Start of Task data

lemma odd_order_root_perturbation:
  fixes Q R :: "real poly"
  assumes "Q \<noteq> 0" and "odd (order x Q)" and R: "poly R x \<noteq> 0"
  shows "\<forall>\<epsilon>>0. \<exists>\<delta>. \<delta> \<noteq> 0 \<and> (\<forall>\<delta>'. 0 < \<delta>' \<and> \<delta>' < \<bar>\<delta>\<bar> \<longrightarrow>
           (\<exists>x1. simple_sol (Q + smult (sgn \<delta> * \<delta>') R) x1 \<and> 0 < x1 - x \<and> x1 - x < \<epsilon>) \<and>
           (\<exists>x2. simple_sol (Q + smult (- (sgn \<delta> * \<delta>')) R) x2 \<and> - \<epsilon> < x2 - x \<and> x2 - x < 0))"
proof (intro allI impI)
  fix \<epsilon> :: real
  assume "0 < \<epsilon>"
  have "poly Q x = 0"
    using assms(1,2) by (simp add: order_root odd_pos)
  then have "\<forall>\<^sub>F y in at x. poly R y \<noteq> 0 \<and> poly (wronskian Q R) y \<noteq> 0"
    using R poly_isCont[where p = R] assms(1)
    by (intro eventually_conj tendsto_imp_eventually_ne eventually_wronskian_nonzero_at_root)
      (auto simp: isCont_def)
  then obtain \<eta>\<^sub>1 where "0 < \<eta>\<^sub>1" and near: "\<And>y. y \<noteq> x \<Longrightarrow> dist y x < \<eta>\<^sub>1 \<Longrightarrow>
      poly R y \<noteq> 0 \<and> poly (wronskian Q R) y \<noteq> 0"
    unfolding eventually_at by blast
  obtain \<eta>\<^sub>2 where "0 < \<eta>\<^sub>2" and sign_change: "\<And>e. 0 < e \<Longrightarrow> e < \<eta>\<^sub>2 \<Longrightarrow>
      poly Q (x + e) / poly R (x + e) * (poly Q (x - e) / poly R (x - e)) < 0"
    using odd_order_root_sign_change[OF assms] by blast
  define e where "e = Min {\<eta>\<^sub>1, \<eta>\<^sub>2, \<epsilon>} / 2"
  have "0 < e" "e < \<eta>\<^sub>1" "e < \<eta>\<^sub>2" "e < \<epsilon>"
    using \<open>0 < \<eta>\<^sub>1\<close> \<open>0 < \<eta>\<^sub>2\<close> \<open>0 < \<epsilon>\<close> by (auto simp: e_def)
  define \<phi> where "\<phi> y = - poly Q y / poly R y" for y
  have "poly R y \<noteq> 0" if "y \<in> {x - e..x + e}" for y
    using near[of y] R that \<open>e < \<eta>\<^sub>1\<close> by (cases "y = x") (auto simp: dist_real_def abs_less_iff)
  then have "continuous_on {x - e..x + e} \<phi>"
    unfolding \<phi>_def by (intro continuous_intros) auto
  moreover have "\<phi> (x + e) * \<phi> (x - e) < 0"
    using sign_change[OF \<open>0 < e\<close> \<open>e < \<eta>\<^sub>2\<close>] by (simp add: \<phi>_def)
  moreover have "\<phi> x = 0"
    using \<open>poly Q x = 0\<close> by (simp add: \<phi>_def)
  ultimately obtain \<delta> where "\<delta> \<noteq> 0" and \<delta>: "\<And>d. 0 < d \<Longrightarrow> d < \<bar>\<delta>\<bar> \<Longrightarrow>
      (\<exists>x1. x < x1 \<and> x1 < x + e \<and> \<phi> x1 = sgn \<delta> * d) \<and>
      (\<exists>x2. x - e < x2 \<and> x2 < x \<and> \<phi> x2 = - (sgn \<delta> * d))"
    using sign_change_small_values[of e x \<phi>] \<open>0 < e\<close> by blast
  have simple: "simple_sol (Q + smult t R) y" if "y \<noteq> x" "\<bar>y - x\<bar> < e" "\<phi> y = t" for y t
    using near[of y] that \<open>e < \<eta>\<^sub>1\<close>
    by (intro simple_sol_add_smultI) (auto simp: \<phi>_def dist_real_def)
  show "\<exists>\<delta>. \<delta> \<noteq> 0 \<and> (\<forall>\<delta>'. 0 < \<delta>' \<and> \<delta>' < \<bar>\<delta>\<bar> \<longrightarrow>
           (\<exists>x1. simple_sol (Q + smult (sgn \<delta> * \<delta>') R) x1 \<and> 0 < x1 - x \<and> x1 - x < \<epsilon>) \<and>
           (\<exists>x2. simple_sol (Q + smult (- (sgn \<delta> * \<delta>')) R) x2 \<and> - \<epsilon> < x2 - x \<and> x2 - x < 0))"
  proof (rule exI[of _ \<delta>], intro conjI allI impI)
    fix d
    assume "0 < d \<and> d < \<bar>\<delta>\<bar>"
    then obtain x1 x2 where x1: "x < x1" "x1 < x + e" "\<phi> x1 = sgn \<delta> * d"
      and x2: "x - e < x2" "x2 < x" "\<phi> x2 = - (sgn \<delta> * d)"
      using \<delta> by blast
    show "\<exists>x1. simple_sol (Q + smult (sgn \<delta> * d) R) x1 \<and> 0 < x1 - x \<and> x1 - x < \<epsilon>"
      using x1 simple[of x1] \<open>e < \<epsilon>\<close> by (intro exI[of _ x1]) auto
    show "\<exists>x2. simple_sol (Q + smult (- (sgn \<delta> * d)) R) x2 \<and> - \<epsilon> < x2 - x \<and> x2 - x < 0"
      using x2 simple[of x2] \<open>e < \<epsilon>\<close> by (intro exI[of _ x2]) auto
  qed (use \<open>\<delta> \<noteq> 0\<close> in simp)
qed
(* Let $A=\bigoplus_{i\in\mathbb{Z}}A_i$ be a pre-CP ring, and let $\psi:A_{-1}\otimes_{A_0}A_1\to A_0$ be given by $\psi(a\otimes b)=ab$. Then $(A_{-1},A_1,\psi)$ is an s-unital $A_0$-system satisfying Condition (FS), its Cuntz–Pimsner ring $\mathcal{O}_{(A_{-1},A_1,\psi)}$ is well-defined, the tuple $(i_{A_{-1}},i_{A_1},i_{A_0},A)$ of inclusion maps is a surjective covariant representation, and $$(i_{A_{-1}},i_{A_1},i_{A_0},A)\cong_r(\iota^{CP}_{A_{-1}},\iota^{CP}_{A_1},\iota^{CP}_{A_0},\mathcal{O}_{(A_{-1},A_1,\psi)}).$$ In particular $A\cong_{\mathrm{gr}}\mathcal{O}_{(A_{-1},A_1,\psi)}$, and this covariant representation is semi-full.
   Context: Rings are associative, not necessarily unital. For additive subsets $X,Y$ of a ring, $XY$ is the additive subgroup generated by products, and $X^n$ similarly. A bimodule ${}_AM_B$ is s-unital if for each $x\in M$ there are $a\in A,b\in B$ with $ax=x=xb$; a ring is s-unital if it is s-unital as a bimodule over itself. A $\mathbb{Z}$-graded ring $A$ is nearly epsilon-strongly graded if each $A_i$ is an s-unital $A_iA_{-i}$-$A_{-i}A_i$-bimodule; semi-saturated if $A_n=(A_1)^n$, $A_{-n}=(A_{-1})^n$ for $n>0$. $\mathrm{Ann}_{A_0}(A_1)=\{r\in A_0:rA_1=0\}$ and for an ideal $J$ of $A_0$, $J^\perp=\{r\in A_0:rx=xr=0\ \forall x\in J\}$. $A$ is pre-CP if it is semi-saturated, nearly epsilon-strongly graded and $\mathrm{Ann}_{A_0}(A_1)\cap\mathrm{Ann}_{A_0}(A_1)^\perp=\{0\}$. An $R$-system is a triple $(P,Q,\psi)$ with $P,Q$ $R$-bimodules and $\psi:P\otimes_RQ\to R$ an $R$-bimodule homomorphism; it is s-unital if $R$ is s-unital and $P,Q$ are s-unital $R$-$R$-bimodules. Put $P^{\otimes0}=Q^{\otimes0}=R$, $\psi_0(r\otimes r')=rr'$, $\psi_1=\psi$, $Q^{\otimes n}=Q^{\otimes(n-1)}\otimes_RQ$, $P^{\otimes n}=P\otimes_RP^{\otimes(n-1)}$, $\psi_n((p_1\otimes p_2)\otimes(q_2\otimes q_1))=\psi(p_1\psi_{n-1}(p_2\otimes q_2)\otimes q_1)$. A covariant representation is a tuple $(S,T,\sigma,B)$ with $B$ a ring, $S:P\to B$, $T:Q\to B$ additive, $\sigma:R\to B$ a ring homomorphism, with $S(pr)=S(p)\sigma(r)$, $S(rp)=\sigma(r)S(p)$, $T(qr)=T(q)\sigma(r)$, $T(rq)=\sigma(r)T(q)$, $\sigma(\psi(p\otimes q))=S(p)T(q)$. It is surjective if $B$ is generated as a ring by $\sigma(R)\cup S(P)\cup T(Q)$, graded if moreover $B$ is $\mathbb{Z}$-graded with $\sigma(R)\subseteq B_0$, $T(Q)\subseteq B_1$, $S(P)\subseteq B_{-1}$. For graded ones, $I^{(k)}_{\psi,\sigma}$ is the ideal of $B_0$ generated by $\{\sigma(\psi_k(p\otimes q)):p\in P^{\otimes k},q\in Q^{\otimes k}\}$, and the representation is semi-full if $B_{-k}B_k=I^{(k)}_{\psi,\sigma}$ for all $k\ge0$. A morphism $(S,T,\sigma,B)\to(S',T',\sigma',B')$ is a ring homomorphism $\phi:B\to B'$ with $\phi S=S'$, $\phi T=T'$, $\phi\sigma=\sigma'$; $\cong_r$ is isomorphism in this category. $\theta_{q,p}(x)=q\psi(p\otimes x)$ on $Q$, $\theta_{p,q}(y)=\psi(y\otimes q)p$ on $P$; $\mathcal{F}_P(Q)$, $\mathcal{F}_Q(P)$ are the additive groups they generate. Condition (FS): for all finite sets $\{q_i\}\subseteq Q$, $\{p_j\}\subseteq P$ there are $\Theta\in\mathcal{F}_P(Q)$, $\Phi\in\mathcal{F}_Q(P)$ fixing each $q_i$, resp. $p_j$. $\Delta(r)(q)=rq$. Under (FS), each covariant representation gives a unique ring homomorphism $\pi_{T,S}:\mathcal{F}_P(Q)\to B$ with $\theta_{q,p}\mapsto T(q)S(p)$. The Toeplitz representation $(\iota_P,\iota_Q,\iota_R,\mathcal{T}_{(P,Q,\psi)})$ is the universal covariant representation, graded with $\mathcal{T}_i$ generated additively by $\iota_Q^m(q)\iota_P^n(p)$ and $\iota_R(r)\iota_Q^m(q)\iota_P^n(p)$, $q\in Q^{\otimes m},p\in P^{\otimes n}$, $m-n=i$. An ideal $J\subseteq R$ is $\psi$-compatible if $\Delta(J)\subseteq\mathcal{F}_P(Q)$ and faithful if $J\cap\ker\Delta=0$; $\mathcal{T}(J)$ is the ideal generated by $\iota_R(x)-\pi_{\iota_Q,\iota_P}(\Delta(x))$, $x\in J$, and $\mathcal{O}(J)=\mathcal{T}/\mathcal{T}(J)$ with quotient map $\rho$, quotient grading, and representation $(\rho\iota_P,\rho\iota_Q,\rho\iota_R,\mathcal{O}(J))$. If a unique maximal $\psi$-compatible faithful ideal $J$ exists, the Cuntz–Pimsner ring $\mathcal{O}_{(P,Q,\psi)}=\mathcal{O}(J)$ is well-defined, with Cuntz–Pimsner representation $(\iota^{CP}_P,\iota^{CP}_Q,\iota^{CP}_R,\mathcal{O}_{(P,Q,\psi)})$ the corresponding relative representation. *)

theory Defs
  imports Main
begin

End of Task data

Set down, word for word, each line from the top of the records above through the line with "unfolding eventually_at by blast".

lemma odd_order_root_perturbation:
  fixes Q R :: "real poly"
  assumes "Q \<noteq> 0" and "odd (order x Q)" and R: "poly R x \<noteq> 0"
  shows "\<forall>\<epsilon>>0. \<exists>\<delta>. \<delta> \<noteq> 0 \<and> (\<forall>\<delta>'. 0 < \<delta>' \<and> \<delta>' < \<bar>\<delta>\<bar> \<longrightarrow>
           (\<exists>x1. simple_sol (Q + smult (sgn \<delta> * \<delta>') R) x1 \<and> 0 < x1 - x \<and> x1 - x < \<epsilon>) \<and>
           (\<exists>x2. simple_sol (Q + smult (- (sgn \<delta> * \<delta>')) R) x2 \<and> - \<epsilon> < x2 - x \<and> x2 - x < 0))"
proof (intro allI impI)
  fix \<epsilon> :: real
  assume "0 < \<epsilon>"
  have "poly Q x = 0"
    using assms(1,2) by (simp add: order_root odd_pos)
  then have "\<forall>\<^sub>F y in at x. poly R y \<noteq> 0 \<and> poly (wronskian Q R) y \<noteq> 0"
    using R poly_isCont[where p = R] assms(1)
    by (intro eventually_conj tendsto_imp_eventually_ne eventually_wronskian_nonzero_at_root)
      (auto simp: isCont_def)
  then obtain \<eta>\<^sub>1 where "0 < \<eta>\<^sub>1" and near: "\<And>y. y \<noteq> x \<Longrightarrow> dist y x < \<eta>\<^sub>1 \<Longrightarrow>
      poly R y \<noteq> 0 \<and> poly (wronskian Q R) y \<noteq> 0"
    unfolding eventually_at by blast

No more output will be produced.